Unto repentance
I indeed baptize you with water unto repentance, but He who is coming after me is mightier than I, whose sandals I am not worthy to carry. He will baptize you with the Holy Spirit and fire. (Matthew 3:11 NKJV)
First of all, I am not a language scholar and I hesitate to make much of a preposition.
Second, John’s baptism is not the same thing as Trinitarian baptism, so we should hesitate to make straight-line applications from John to Jesus and his church. In a manner of speaking, John was bringing faithful covenant people back to life after their having come into contact with death. By contrast, Jesus by baptism brings people into his covenant for the first time, bringing them to life once and for all.
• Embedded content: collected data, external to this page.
lemma bounded_op_diag_op:
  assumes "\<And>n. \<bar>f n\<bar> \<le> B"
  shows "bounded_op (diag_op f)"
  unfolding bounded_op_def
proof (intro exI allI impI)
  fix F M :: "nat set" and v :: "nat \<Rightarrow> complex"
  assume F: "finite F" and M: "finite M"
  have row: "(\<Sum>n\<in>F. diag_op f m n * v n) = (if m \<in> F then complex_of_real (f m) * v m else 0)" for m
    using F by (simp add: diag_op_def if_distrib[of "\<lambda>x. x * _"] cong: if_cong)
  have bound: "(cmod (complex_of_real (f m) * v m))\<^sup>2 \<le> B\<^sup>2 * (cmod (v m))\<^sup>2" for m
  proof -
    have "\<bar>f m\<bar>\<^sup>2 \<le> B\<^sup>2" using power_mono[OF assms[of m] abs_ge_zero, of 2] by simp
    then show ?thesis by (simp add: norm_mult power_mult_distrib mult_right_mono)
  qed
  have "(\<Sum>m\<in>M. (cmod (\<Sum>n\<in>F. diag_op f m n * v n))\<^sup>2)
        = (\<Sum>m\<in>M \<inter> F. (cmod (complex_of_real (f m) * v m))\<^sup>2)"
    using M by (simp add: row if_distrib[of "\<lambda>x. (cmod x)\<^sup>2"] sum.inter_restrict cong: if_cong)
  also have "\<dots> \<le> (\<Sum>m\<in>M \<inter> F. B\<^sup>2 * (cmod (v m))\<^sup>2)"
    by (rule sum_mono) (rule bound)
  also have "\<dots> \<le> (\<Sum>m\<in>F. B\<^sup>2 * (cmod (v m))\<^sup>2)"
    using F by (intro sum_mono2) auto
  finally show "(\<Sum>m\<in>M. (cmod (\<Sum>n\<in>F. diag_op f m n * v n))\<^sup>2) \<le> B\<^sup>2 * (\<Sum>n\<in>F. (cmod (v n))\<^sup>2)"
    by (simp add: sum_distrib_left)
qed

lemma positive_op_diag_op:
  assumes "\<And>n. 0 \<le> f n"
  shows "positive_op (diag_op f)"
  unfolding positive_op_def
proof (intro allI impI)
  fix F :: "nat set" and v :: "nat \<Rightarrow> complex"
  assume F: "finite F"
  have "(\<Sum>m\<in>F. \<Sum>n\<in>F. cnj (v m) * diag_op f m n * v n) = complex_of_real (\<Sum>m\<in>F. f m * (cmod (v m))\<^sup>2)"
  proof -
    have "(\<Sum>n\<in>F. cnj (v m) * diag_op f m n * v n) = complex_of_real (f m * (cmod (v m))\<^sup>2)"
      if "m \<in> F" for m
    proof -
      have "(\<Sum>n\<in>F. cnj (v m) * diag_op f m n * v n)
          = (\<Sum>n\<in>F. if n = m then complex_of_real (f m) * (v m * cnj (v m)) else 0)"
        by (intro sum.cong) (auto simp: diag_op_def)
      then have "(\<Sum>n\<in>F. cnj (v m) * diag_op f m n * v n) = complex_of_real (f m) * (v m * cnj (v m))"
        using F that by simp
      then show ?thesis by (simp only: complex_mult_cnj of_real_mult cmod_power2)
    qed
    then show ?thesis by simp
  qed
  then show "Im (\<Sum>m\<in>F. \<Sum>n\<in>F. cnj (v m) * diag_op f m n * v n) = 0 \<and>
      0 \<le> Re (\<Sum>m\<in>F. \<Sum>n\<in>F. cnj (v m) * diag_op f m n * v n)"
    using assms by (simp add: sum_nonneg)
qed

lemma density_op_diag_op:
  assumes nonneg: "\<And>n. 0 \<le> r n" and sum: "r sums 1"
  shows "density_op (diag_op r)"
  unfolding density_op_def
proof (intro conjI)
  have "r n \<le> 1" for n
    using sum_le_suminf[of r "{n}"] nonneg sum by (simp add: sums_iff)
  then show "bounded_op (diag_op r)"
    using nonneg by (intro bounded_op_diag_op[of _ 1]) (simp add: abs_le_iff)
  show "positive_op (diag_op r)" using nonneg by (rule positive_op_diag_op)
  show "summable (\<lambda>n. Re (diag_op r n n))" using sum by (simp add: diag_op_def sums_iff)
  show "op_trace (diag_op r) = 1" using sum by (simp add: op_trace_diag_op sums_iff)
qed

subsection \<open>Positive operators and the square root\<close>

definition quad_form :: "fop \<Rightarrow> nat set \<Rightarrow> (nat \<Rightarrow> complex) \<Rightarrow> complex" where
  "quad_form S F v = (\<Sum>m\<in>F. \<Sum>n\<in>F. cnj (v m) * S m n * v n)"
Nevertheless, the idea of a baptism being unto or toward repentance is significant. Rather than baptism being, as Robert Stein would have it, a mere synecdoche for a faith-repentance-baptism sequence, this shows that baptism is in fact a performance of repentance. Just as James teaches us that faith must be performed in order to be fully realized, so too repentance must be performed in order to be fully realized.
This by itself is not proof of paedobaptism, though it is highly consistent with paedobaptism and paedofaith. But it is proof against a facile credobaptism: if you require someone to repent before their baptism, you are in a sense requiring the impossible.